The intersection is simply the total number of instances where both A and B occurred (the purple square). The union appears a bit trickier to calculate, due to finding three individual cases. But note how simply adding all occurrences of Purchase A (the red, first column) and all occurrences of Purchase B (the blue, first row), and then subtracting the double-counted intersection (the purple square).

Thus we are left with:

In Looker, we can use derived tables to quickly do these calculations. Continuing our SQL example above, we first enumerate every order, product pair:

```
- view: order_product
derived_table:
persist_for: 24 hours
indexes: [order_id]
sql: |
SELECT o.id as order_id
, oi.inventory_item_id as inventory_item_id
, p.item_name as product
FROM order_items oi
JOIN orders o ON o.id = oi.order_id
JOIN inventory_items ii ON oi.inventory_item_id = ii.id
JOIN products p ON ii.product_id = p.id
GROUP BY order_id, item_name
```

We then calculate a simple count distinct of the order ids for each item (the purchase count):

```
- view: total_order_product
derived_table:
persist_for: 24 hours
indexes: [product]
sql: |
SELECT p.item_name as product
, count(distinct p.item_name, o.id) as product_frequency
FROM order_items oi
JOIN orders o ON o.id = oi.order_id
JOIN inventory_items ii ON oi.inventory_item_id = ii.id
JOIN products p ON ii.product_id = p.id
GROUP BY p.item_name
```

Now using these roll-up tables, we can examine the joint frequency of any two products, by joining the order, product table to itself:

```
- view: order_purchase_affinity
derived_table:
persist_for: 24 hours
indexes: [product_a]
sql: |
SELECT product_a
, product_b
, joint_frequency
, top1.product_frequency as product_a_frequency
, top2.product_frequency as product_b_frequency
FROM (
SELECT op1.product as product_a
, op2.product as product_b
, count(*) as joint_frequency
FROM ${order_product.SQL_TABLE_NAME} as op1
JOIN ${order_product.SQL_TABLE_NAME} op2 ON op1.order_id = op2.order_id
GROUP BY product_a, product_b
) as prop
JOIN ${total_order_product.SQL_TABLE_NAME} as top1 ON prop.product_a = top1.product
JOIN ${total_order_product.SQL_TABLE_NAME} as top2 ON prop.product_b = top2.product
ORDER BY product_a, joint_frequency DESC, product_b
```

The result is a table with every product pair that was ordered together (product_a and product_b), along with the joint frequency (joint_frequency), and the raw frequency of each product individually (product_a_frequency and product_b_frequency).

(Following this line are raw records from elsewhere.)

lemma consensus_contraction_poly_le:
  fixes s e :: real
  assumes s0: "0 < s" and s1: "s \<le> 1" and "0 \<le> e" and "e \<le> s / 5"
  shows "(1 - s) * ((1 + s/4) * (1 + e)^2 * 18 + s^3 + 4 * s^2) \<le> 9 * (2 - s^2)"
proof -
  define P where "P = s^3 + 4 * s^2"
  define Q where "Q = s * (63/5 - 191/25 * s + 267/25 * s^2 + 59/25 * s^3)"
  have "(1 + e)^2 \<le> (1 + s/5)^2" using assms by (intro power_mono) auto
  hence "(1 - s) * ((1 + s/4) * (1 + e)^2 * 18) \<le> (1 - s) * ((1 + s/4) * (1 + s/5)^2 * 18)"
    using s0 s1 by (intro mult_left_mono) auto
  moreover have "0 \<le> Q"
    using s0 s1 unfolding Q_def by (intro mult_nonneg_nonneg) (auto intro!: add_nonneg_nonneg)
  moreover have "9 * (2 - s^2) - ((1 - s) * ((1 + s/4) * (1 + s/5)^2 * 18) + (1 - s) * P)
      = Q / 2"
    by (simp add: P_def Q_def field_simps power2_eq_square power3_eq_cube)
  moreover have "(1 - s) * ((1 + s/4) * (1 + e)^2 * 18 + P) = (1 - s) * ((1 + s/4) * (1 + e)^2 * 18) + (1 - s) * P"
    by (simp add: distrib_left)
  ultimately show ?thesis unfolding P_def[symmetric] add.assoc by linarith
qed

lemma consensus_bound_induction_step:
  fixes s e e' eta G G' W :: real
  assumes s0: "0 < s" and s1: "s \<le> 1" and "0 \<le> eta" "eta \<le> s / 5"
    and W0: "0 \<le> W" and G0: "0 \<le> G" and IH: "e \<le> 18 * G * W / s^3"
    and decay: "G * (2 - s^2) \<le> 2 * G'"
    and recursion: "e' \<le> (1 - s) * ((1 + s/4) * (1 + eta)^2 * e + (1 + 1 / (s/4)) * G * W)"
  shows "e' \<le> 18 * G' * W / s^3"
proof -
  define X where "X = (1 + s/4) * (1 + eta)^2 * 18 + s^3 + 4 * s^2"
  have "(1 + s/4) * (1 + eta)^2 * e \<le> (1 + s/4) * (1 + eta)^2 * (18 * G * W / s^3)"
    using IH s0 by (intro mult_left_mono) auto
  then have "e' \<le> (1 - s) * ((1 + s/4) * (1 + eta)^2 * (18 * G * W / s^3) + (1 + 1 / (s/4)) * G * W)"
    using recursion s1 by (smt (verit) mult_left_mono)
  also have "\<dots> = (1 - s) * X * (G * W) / s^3"
    using s0 by (simp add: X_def field_simps power3_eq_cube power2_eq_square)
  also have "\<dots> \<le> 9 * (2 - s^2) * (G * W) / s^3"
  proof -
    have "(1 - s) * X \<le> 9 * (2 - s^2)"
      using consensus_contraction_poly_le[OF s0 s1 assms(3,4)] by (simp only: X_def)
    thus ?thesis using G0 W0 s0 by (intro divide_right_mono mult_right_mono) auto
  qed
  also have "\<dots> \<le> 18 * G' * W / s^3"
    using mult_right_mono[OF decay W0] s0 by (intro divide_right_mono) (auto simp: algebra_simps)
  finally show ?thesis .
qed

lemma consensus_err_bound:
  fixes E :: "real^'j^'j" and G :: "'j::finite \<Rightarrow> 'a::euclidean_space \<Rightarrow> 'a"
    and lam :: "nat \<Rightarrow> 'j \<Rightarrow> 'a" and gamma :: "nat \<Rightarrow> real"
  defines "\<sigma> \<equiv> 1 - kappa E"
  assumes ds: "doubly_stochastic E" and "kappa E < 1"
    and lip: "\<And>j x y. norm (G j x - G j y) \<le> c * norm (x - y)" and "0 < c"
    and het: "\<And>j x. (norm (G j x - avg (\<lambda>i. G i x)))^2 \<le> d"
    and init: "consensus_err (lam 0) = 0"
    and rec: "\<And>k. lam (Suc k) = (\<lambda>i. \<Sum>j\<in>UNIV. E$i$j *\<^sub>R (lam k j - gamma k *\<^sub>R G j (lam k j)))"
    and gamma_nz: "\<And>k. gamma k \<noteq> 0"
    and small: "\<And>k. \<bar>gamma k\<bar> * c \<le> \<sigma> / 5"
    and decay: "\<And>k. (gamma k)^2 * (2 - \<sigma>^2) \<le> 2 * (gamma (Suc k))^2"
  shows "consensus_err (lam k) \<le> 18 * (gamma k)^2 * (real CARD('j) * d) / \<sigma>^3"
proof -
  have "0 \<le> kappa E" by (simp add: kappa_def)
  then have \<sigma>0: "0 < \<sigma>" and \<sigma>1: "\<sigma> \<le> 1" using \<open>kappa E < 1\<close> by (auto simp: \<sigma>_def)
  have d0: "0 \<le> d" using het order_trans zero_le_power2 by metis
  have one_step: "consensus_err (lam (Suc n)) \<le> (1 - \<sigma>) * ((1 + \<sigma>/4) * (1 + \<bar>gamma n\<bar> * c)^2
      * consensus_err (lam n) + (1 + 1 / (\<sigma>/4)) * (gamma n)^2 * (real CARD('j) * d))" for n
  proof -
    have "consensus_err (lam (Suc n))
        \<le> kappa E * consensus_err (\<lambda>j. lam n j - gamma n *\<^sub>R G j (lam n j))"
      unfolding rec by (rule consensus_err_mixing_le[OF ds])
    also have "\<dots> \<le> kappa E * ((1 + \<sigma>/4) * (1 + \<bar>gamma n\<bar> * c)^2 * consensus_err (lam n)
        + (1 + 1 / (\<sigma>/4)) * (gamma n)^2 * (real CARD('j) * d))"
      using consensus_err_gradient_step_le[OF lip het, of "gamma n" "\<sigma>/4"] \<open>0 \<le> kappa E\<close>
        gamma_nz \<open>0 < c\<close> \<sigma>0
      by (intro mult_left_mono) auto
    finally show ?thesis by (simp add: \<sigma>_def)
  qed
  show ?thesis
  proof (induction k)
    case 0
    show ?case using init d0 \<sigma>0 by simp
  next
    case (Suc n)
    show ?case
      by (rule consensus_bound_induction_step[OF \<sigma>0 \<sigma>1 _ small _ _ Suc.IH decay one_step])
        (use d0 \<open>0 < c\<close> in auto)
  qed
qed

lemma sum_neighbors_eq_sum_UNIV:
  fixes E :: "real^'j::finite^'j" and v :: "'j \<Rightarrow> 'a::real_vector"
  assumes "doubly_stochastic E" "\<And>j. 0 < E$i$j \<longleftrightarrow> (j \<in> N i \<or> i = j)"
  shows "(\<Sum>j\<in>insert i (N i). E$i$j *\<^sub>R v j) = (\<Sum>j\<in>UNIV. E$i$j *\<^sub>R v j)"
proof -
  have zero: "E$i$j = 0" if "j \<notin> insert i (N i)" for j
    using assms that by (auto simp: doubly_stochastic_def order_le_less)
  show ?thesis by (rule sum.mono_neutral_left) (simp_all add: zero)
qed

lemma grad_g_lipschitz:
  fixes f :: "'j::finite \<Rightarrow> 'a::real_inner \<Rightarrow> real"
  assumes "strongly_convex u (f j)" "continuous_on (C j) (f j)"
    and "C j \<noteq> {}" "compact (C j)" "convex (C j)"
  shows "norm (grad_g f C s j x - grad_g f C s j y) \<le> 1 / (u * real CARD('j)) * norm (x - y)"
proof -
  have "0 < u" using assms(1) by (simp add: strongly_convex_def)
  have "norm (grad_g f C s j x - grad_g f C s j y)
      = norm (argminC (f j) (C j) x - argminC (f j) (C j) y) / real CARD('j)"
    by (simp add: grad_g_def scaleR_diff_right[symmetric] norm_minus_commute)
  also have "\<dots> \<le> norm (x - y) / u / real CARD('j)"
    using argminC_lipschitz[OF assms, of x y] \<open>0 < u\<close>
    by (intro divide_right_mono) (auto simp: field_simps)
  finally show ?thesis by (simp add: field_simps)
qed

lemma grad_g_heterogeneity_le_delta2:
  fixes f :: "'j::finite \<Rightarrow> 'a::real_inner \<Rightarrow> real"
  assumes "bdd_above (range (\<lambda>lam. Max (range (\<lambda>i. (norm (grad_g f C s i lam
        - (1 / real CARD('j)) *\<^sub>R (\<Sum>j\<in>UNIV. grad_g f C s j lam)))^2))))"
  shows "(norm (grad_g f C s j lam - avg (\<lambda>i. grad_g f C s i lam)))^2 \<le> delta2 f C s"
proof -
  have "(norm (grad_g f C s j lam - avg (\<lambda>i. grad_g f C s i lam)))^2
      \<le> Max (range (\<lambda>i. (norm (grad_g f C s i lam - (1 / real CARD('j)) *\<^sub>R (\<Sum>j\<in>UNIV. grad_g f C s j lam)))^2))"
    by (rule Max_ge) (auto simp: avg_def)
  also have "\<dots> \<le> delta2 f C s" unfolding delta2_def
    by (rule cSUP_upper[OF UNIV_I assms])
  finally show ?thesis .
qed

The affinity is then simply:

```
joint_frequency / (product_a_frequency + product_b_frequency - joint_frequency)
```

The analysis does not need to stop at order affinity.

This same analysis could be done at the user level, to generate email or product recommendations (Amazon’s users who bought X), or at the pageview level, to generate article recommendations (reader who liked this article also read X).

This analysis could also be used to generate more general category or sub-category recommendations, rather than simply recommending products (like these kid’s shoes, check out selection of kid’s hats).

Subsetting the ‘recommendation set’ based upon user attributes (age, location, gender, etc) would allow for “personalized” recommendations that could cohort and target users more granularly (say pointing LA denim buyers to t-shirts and Vermont denim buyers to outerwear).

Finally, time-sliced subsetting could allow for seasonal recommendation changes (maintaining fresh article recommendations on a news site for example).